_ASSIGNMENT_
Scan the lines below and report each one containing "blast" by copying it.

[Collected data]

-- -- --

lemma order_equiv_UNIV_iff:
  fixes S :: "'a::linorder set"
  shows "order_equiv S UNIV \<longleftrightarrow> (\<exists>g::'a \<Rightarrow> 'a. strict_mono g \<and> range g = S)"
proof
  assume "order_equiv S UNIV"
  then obtain f :: "'a \<Rightarrow> 'a" where f: "bij_betw f S UNIV" "strict_mono_on S f"
    unfolding order_equiv_def by blast
  define g where "g = inv_into S f"
  have g: "bij_betw g UNIV S"
    using f(1) by (simp add: g_def bij_betw_inv_into)
  have "strict_mono g"
  proof
    fix p q :: 'a
    assume "p < q"
    moreover have "f (g p) = p" "f (g q) = q"
      using f(1) by (simp_all add: g_def bij_betw_inv_into_right)
    ultimately show "g p < g q"
      using strict_mono_on_less[OF f(2)] bij_betwE[OF g] by (metis UNIV_I)
  qed
  with g show "\<exists>g::'a \<Rightarrow> 'a. strict_mono g \<and> range g = S"
    by (auto simp: bij_betw_def)
next
  assume "\<exists>g::'a \<Rightarrow> 'a. strict_mono g \<and> range g = S"
  then obtain g :: "'a \<Rightarrow> 'a" where g: "strict_mono g" "range g = S"
    by blast
  then have "bij_betw (inv g) S UNIV"
    by (metis bij_betw_inv_into strict_mono_imp_inj_on inj_on_imp_bij_betw)
  with g show "order_equiv S UNIV"
    unfolding order_equiv_def using strict_mono_inv_on_range by blast
qed

lemma T_eqI:
  assumes "T_bound n S t" "\<And>t'. T_bound n S t' \<Longrightarrow> t \<le> t'"
  shows "T n S = enat t"
  using assms unfolding T_def by (auto intro!: Least_equality)

lemma lex_less_eq_imp_fst_le: "x \<le> y \<Longrightarrow> fst x \<le> fst (y :: 'a::order \<times> 'b::order)"
  by (auto simp: less_eq_prod_def)

lemma lex_bounded_infinite_set_has_unbounded_block:
  fixes Z :: "(nat \<times> nat) set"
  assumes "infinite Z" "Z \<subseteq> {..<y}"
  obtains a where "a < fst y" "\<And>M. \<exists>z\<in>Z. fst z = a \<and> M < snd z"
proof -
  have "fst z \<le> fst y" if "z \<in> Z" for z
    using assms(2) that lex_less_eq_imp_fst_le[of z y] by auto
  then have "Z \<subseteq> (\<Union>a\<le>fst y. Z \<inter> {z. fst z = a})"
    by blast
  then have "infinite (\<Union>a\<le>fst y. Z \<inter> {z. fst z = a})"
    using assms(1) finite_subset by blast
  then obtain a where a: "a \<le> fst y" "infinite (Z \<inter> {z. fst z = a})"
    by (meson finite_UN_I finite_atMost atMost_iff)
  have unbounded: "\<exists>z\<in>Z. fst z = a \<and> M < snd z" for M
  proof (rule ccontr)
    assume "\<not> ?thesis"
    then have "Z \<inter> {z. fst z = a} \<subseteq> {a} \<times> {..M}"
      by (auto simp: not_less)
    then show False
      using a(2) finite_subset by blast
  qed
  have "a \<noteq> fst y"
  proof
    assume "a = fst y"
    then obtain z where z: "z \<in> Z" "fst z = fst y" "snd y < snd z"
      using unbounded by blast
    moreover have "z < y"
      using assms(2) z(1) by auto
    ultimately show False
      by (simp add: less_prod_def')
  qed
  with a(1) have "a < fst y"
    by simp
  then show ?thesis
    using unbounded by (rule that)
qed

lemma strict_mono_row_has_unbounded_block:
  fixes g :: "nat \<times> nat \<Rightarrow> nat \<times> nat"
  assumes "strict_mono g" "\<And>k. g (i, k) < y"
  obtains a where "a < fst y" "\<And>M. \<exists>k. fst (g (i, k)) = a \<and> M < snd (g (i, k))"
proof -
  have "infinite (range (\<lambda>k. g (i, k)))"
    using assms(1) by (intro range_inj_infinite) (simp add: inj_def strict_mono_eq)
  moreover have "range (\<lambda>k. g (i, k)) \<subseteq> {..<y}"
    using assms(2) by auto
  ultimately obtain a where a: "a < fst y"
    and unbounded: "\<And>M. \<exists>z\<in>range (\<lambda>k. g (i, k)). fst z = a \<and> M < snd z"
    by (rule lex_bounded_infinite_set_has_unbounded_block) (rule that)
  have "\<exists>k. fst (g (i, k)) = a \<and> M < snd (g (i, k))" for M
    using unbounded[of M] by auto
  with a show ?thesis
    by (rule that)
qed

lemma strict_mono_fst_first_column:
  fixes g :: "nat \<times> nat \<Rightarrow> nat \<times> nat"
  assumes "strict_mono g"
  shows "strict_mono (\<lambda>i. fst (g (i, 0)))"
proof (rule strict_mono_Suc_iff[THEN iffD2], rule allI)
  fix i
  have "g (i, k) < g (Suc i, 0)" for k
    using assms by (simp add: strict_mono_less)
  then obtain a where a: "a < fst (g (Suc i, 0))"
    "\<And>M. \<exists>k. fst (g (i, k)) = a \<and> M < snd (g (i, k))"
    by (rule strict_mono_row_has_unbounded_block[OF assms]) (rule that)
  from a(2)[of 0] obtain k where "fst (g (i, k)) = a"
    by blast
  moreover have "g (i, 0) \<le> g (i, k)"
    using assms by (simp add: strict_mono_less_eq)
  then have "fst (g (i, 0)) \<le> fst (g (i, k))"
    by (rule lex_less_eq_imp_fst_le)
  ultimately show "fst (g (i, 0)) < fst (g (Suc i, 0))"
    using a(1) by simp
qed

-- -- --

_RESULT_
    unfolding order_equiv_def by blast
    by blast
    unfolding order_equiv_def using strict_mono_inv_on_range by blast
    by blast
    using assms(1) finite_subset by blast
      using a(2) finite_subset by blast
      using unbounded by blast
    by blast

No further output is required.